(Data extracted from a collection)
-----

(* Let $i\ge 1$ be an integer, let $\alpha,\beta$ be real numbers with $i-1<\alpha<i$ and $i-1<\beta<i$, let $0\le\mu\le 1$, let $m\ge 0$ with $m+\mu(\alpha-\beta)\ge 0$, and let $\lambda\in\mathbb{C}$. Consider the equation \[ D_{0y}^{(\alpha,\beta)\mu}u(y)=\lambda y^{m}u(y),\qquad y>0. \] Put $\gamma=\beta+\mu(\alpha-\beta)$ (so $\gamma>0$), $a=m+\alpha\mu+\beta(1-\mu)$, and for $s=0,1,\dots,i-1$ put $b_s=s-(1-\mu)(i-\beta)$. Then the $i$ functions \[ u_s(y)=y^{b_s}\,E_{\gamma,\frac{a}{\gamma},\frac{a+b_s}{\gamma}-1}\bigl(\lambda y^{a}\bigr),\qquad s=0,1,\dots,i-1, \] that is, \[ u_s(y)=y^{s-(1-\mu)(i-\beta)}\sum_{k=0}^{\infty}c_k^{(s)}\bigl(\lambda y^{m+\alpha\mu+\beta(1-\mu)}\bigr)^k,\quad c_0^{(s)}=1,\quad c_k^{(s)}=\prod_{j=0}^{k-1}\frac{\Gamma\bigl(a(j+1)+b_s-\gamma+1\bigr)}{\Gamma\bigl(a(j+1)+b_s+1\bigr)}\ (k\ge1), \] are linearly independent solutions of this equation on $y>0$.
   Context: For $\nu>0$, $I_{0y}^{\nu}g(y)=\frac{1}{\Gamma(\nu)}\int_0^y \frac{g(t)\,dt}{(y-t)^{1-\nu}}$ is the Riemann–Liouville fractional integral. The generalized Hilfer derivative is defined by \[ D_{0y}^{(\alpha,\beta)\mu}=I_{0y}^{\mu(i-\alpha)}\frac{d^{i}}{dy^{i}}I_{0y}^{(1-\mu)(i-\beta)}, \] where $i-1<\alpha,\beta<i$ and $0\le\mu\le1$ (with $I^0$ the identity). The Kilbas–Saigo function is \[ E_{\rho,n,l}(z)=\sum_{k=0}^{\infty}c_k z^k,\quad c_0=1,\quad c_k=\prod_{j=0}^{k-1}\frac{\Gamma(\rho(jn+l)+1)}{\Gamma(\rho(jn+l+1)+1)},\ k\ge1. \] *)

theory Defs
  imports "HOL-Analysis.Analysis"
begin
(* The hypotheses of the theorem. *)
locale sig_criterion = mon_order ord for ord :: "'v::finite mon \<Rightarrow> 'v mon \<Rightarrow> bool" +
  fixes f :: "nat \<Rightarrow> ('v, 'k::field) mpoly"
    and i M l :: nat
    and g :: "nat \<Rightarrow> ('v, 'k) mpoly" and sg :: "nat \<Rightarrow> 'v mon" and jg :: "nat \<Rightarrow> nat"
    and p :: "nat \<Rightarrow> ('v, 'k) mpoly" and d :: "nat \<Rightarrow> 'k" and tau :: "nat \<Rightarrow> 'v mon"
    and G :: "('k \<times> 'v mon \<times> nat \<times> ('v, 'k) mpoly) set"
  assumes notin: "f (i + 1) \<notin> gen_ideal f i"
    and g_in: "\<forall>k<M. g k \<in> gen_ideal f i"
    and g_GB: "is_GB ord {g k | k. k < M} (gen_ideal f i)"
    and p_in: "\<forall>k<l. p k \<in> gen_ideal f (i + 1) \<and> p k \<noteq> 0"
    and jg_le: "\<forall>k<M. jg k \<le> i"
    and G_def: "G = {(1, sg k, jg k, g k) | k. k < M}
                  \<union> {(1, 0, i + 1, f (i + 1))}
                  \<union> {(d k, tau k, i + 1, p k) | k. k < l}"
    and G_sig: "\<forall>x\<in>G. is_sig ord f (i + 1) (gc x) (gsig x) (gidx x) (gpoly x)
                     \<and> is_minsig ord f (i + 1) (gsig x) (gidx x) (gpoly x)"
    and pairs: "\<forall>x\<in>G. \<forall>y\<in>G. gidx x = i + 1 \<and> gpoly x \<noteq> gpoly y \<longrightarrow>
        (let t = mlcm (lm ord (gpoly x)) (lm ord (gpoly y));
             u = t - lm ord (gpoly x); v = t - lm ord (gpoly y)
         in sig_le ord (v + gsig y, gidx y) (u + gsig x, i + 1) \<longrightarrow>
            ((gidx y = i + 1 \<and> u + gsig x = v + gsig y) \<or>
             (sig_less ord (v + gsig y, gidx y) (u + gsig x, i + 1) \<and>
              sig_std_rep ord f (i + 1) G (gc x) (u + gsig x) (spoly ord (gpoly x) (gpoly y)))))"
begin

lemma finite_G: "finite G"
  unfolding G_def by auto

lemma f_top_in_G: "(1, 0, i + 1, f (i + 1)) \<in> G"
  unfolding G_def by blast

lemma G_cases:
  "x \<in> G \<Longrightarrow> (gidx x \<le> i \<and> gpoly x \<in> gen_ideal f i) \<or> (gidx x = i + 1 \<and> gpoly x \<noteq> 0)"
  using jg_le g_in p_in notin gen_ideal_zero unfolding G_def gidx_def gpoly_def by fastforce
lemma four_le_card_arcs_C4_component_Diff:
  assumes "degree3_closed V E" "Y \<subseteq> V" "\<forall>y\<in>Y. degree V E y = 3" "C4_component (V - Y) E S"
  shows "4 \<le> card (arcs E Y S)"
proof -
  obtain a b c d where cyc: "four_cycle (V - Y) E a b c d" and S: "S = {a, b, c, d}"
    using assms(4) by (rule C4_component_four_cycle)
  have cyc_a: "four_cycle V E a b c d" using four_cycle_mono[OF cyc Diff_subset] .
  have closed: "nbr_closed (V - Y) E S" using assms(4) unfolding C4_component_def by blast
  have deg: "\<forall>x\<in>S. degree V E x = 3"
  proof -
    obtain s y where "s \<in> S" "y \<in> Y" "y \<in> V" "E s y"
      using C4_component_Diff_has_arc[OF assms(4) no_C4_component] by metis
    moreover have "S \<subseteq> V" using assms(4) unfolding C4_component_def by blast
    ultimately have "degree V E s = 3" using assms(1,3) sym unfolding degree3_closed_def by blast
    then show ?thesis using degree3_closed_four_cycle[OF assms(1) cyc_a] \<open>s \<in> S\<close> S by blast
  qed
  have cyc_b: "four_cycle V E b c d a" using four_cycle_rotate[OF cyc_a] .
  have cyc_c: "four_cycle V E c d a b" using four_cycle_rotate[OF cyc_b] .
  have cyc_d: "four_cycle V E d a b c" using four_cycle_rotate[OF cyc_c] .
  have arc_into: "\<exists>y\<in>Y. E y x"
    if cyc_x: "four_cycle V E x x1 x2 x3" and S_x: "{x, x1, x2, x3} = S" for x x1 x2 x3
  proof -
    have "x \<in> S" using S_x by blast
    then have "\<not> E x x2" using no_chord[OF assms(1) cyc_x] deg by blast
    then obtain y where "y \<in> V - S" "E x y"
      using exists_nbr_off_four_cycle[OF finite_V _ cyc_x] deg \<open>x \<in> S\<close> irrefl S_x by metis
    moreover have "y \<notin> V - Y"
      using closed \<open>x \<in> S\<close> calculation unfolding nbr_closed_def by blast
    ultimately show ?thesis using sym by blast
  qed
  have "\<forall>x\<in>S. \<exists>y\<in>Y. E y x"
    using arc_into[OF cyc_a] arc_into[OF cyc_b] arc_into[OF cyc_c] arc_into[OF cyc_d] S
    by (auto simp: insert_commute)
  then have "card S \<le> card (arcs E Y S)"
    using card_arcs_ge_card finite_subset[OF assms(2) finite_V] C4_component_finite[OF assms(4)] by blast
  then show ?thesis using assms(4) unfolding C4_component_def by simp
qed

end

locale C4_saturated_vertex = C4_saturated +
  fixes w :: 'a
  assumes w_in_V: "w \<in> V" and degree_w: "degree V E w = 3"
begin

definition N :: "'a set" where "N = nbrs V E w"

definition T :: "'a set" where "T = {c \<in> V - insert w N. 2 \<le> card (nbrs V E c \<inter> N)}"

definition Y :: "'a set" where "Y = insert w N \<union> T"

lemma in_N_iff: "x \<in> N \<longleftrightarrow> x \<in> V \<and> E w x"
  by (simp add: N_def)

lemma N_subset: "N \<subseteq> V" and w_notin_N: "w \<notin> N" and finite_N: "finite N" and card_N: "card N = 3"
  using irrefl finite_V degree_w by (auto simp: N_def degree_eq_card_nbrs)

lemma finite_T: "finite T" and T_disjoint: "T \<inter> insert w N = {}"
  using finite_V by (auto simp: T_def)

lemma Y_subset: "Y \<subseteq> V"
  using N_subset w_in_V by (auto simp: Y_def T_def)

lemma finite_Y: "finite Y"
  using finite_subset[OF Y_subset finite_V] .

lemma card_Y: "card Y = 4 + card T"
proof -
  have "card (insert w N) = 4" using w_notin_N finite_N card_N by simp
  moreover have "card Y = card (insert w N) + card T"
    unfolding Y_def using T_disjoint finite_N finite_T by (intro card_Un_disjoint) auto
  ultimately show ?thesis by simp
qed

lemma N_eq:
  assumes "x \<in> N" "y \<in> N" "z \<in> N" "distinct [x, y, z]"
  shows "N = {x, y, z}"
proof -
  have "{x, y, z} \<subseteq> N" "card N \<le> card {x, y, z}" using assms card_N by simp_all
  then show ?thesis using card_seteq[OF finite_N] by metis
qed

lemma in_T_if_two_nbrs_in_N:
  assumes "a \<in> V - insert w N" "x \<in> N" "b \<in> N" "x \<noteq> b" "E a x" "E a b"
  shows "a \<in> T"
proof -
  have "{x, b} \<subseteq> nbrs V E a \<inter> N" using assms N_subset by auto
  then have "card {x, b} \<le> card (nbrs V E a \<inter> N)" using finite_N by (intro card_mono) auto
  then show ?thesis using assms(1,4) unfolding T_def by simp
qed

lemma T_nbrs_meet_N:
  assumes "y \<in> T" "p \<in> V" "q \<in> V" "p \<noteq> q" "E y p" "E y q"
  shows "p \<in> N \<or> q \<in> N"
proof (rule ccontr)
  assume "\<not> (p \<in> N \<or> q \<in> N)"
  then have "card ({p, q} \<union> (nbrs V E y \<inter> N)) = card {p, q} + card (nbrs V E y \<inter> N)"
    using finite_N by (intro card_Un_disjoint) auto
  moreover have "2 \<le> card (nbrs V E y \<inter> N)" "y \<in> V" using assms(1) unfolding T_def by auto
  moreover have "card ({p, q} \<union> (nbrs V E y \<inter> N)) \<le> degree V E y"
    unfolding degree_eq_card_nbrs using assms(2-6) finite_V by (intro card_mono) auto
  ultimately show False using degree_le_3 assms(4) by fastforce
qed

-----

* Task objective:
Copy out, exactly and alone, the lines of the entries above between the ones holding "u = t - lm ord" and "unfolding G_def by auto", inclusive.

* Answer for the task:
             u = t - lm ord (gpoly x); v = t - lm ord (gpoly y)
         in sig_le ord (v + gsig y, gidx y) (u + gsig x, i + 1) \<longrightarrow>
            ((gidx y = i + 1 \<and> u + gsig x = v + gsig y) \<or>
             (sig_less ord (v + gsig y, gidx y) (u + gsig x, i + 1) \<and>
              sig_std_rep ord f (i + 1) G (gc x) (u + gsig x) (spoly ord (gpoly x) (gpoly y)))))"
begin

lemma finite_G: "finite G"
  unfolding G_def by auto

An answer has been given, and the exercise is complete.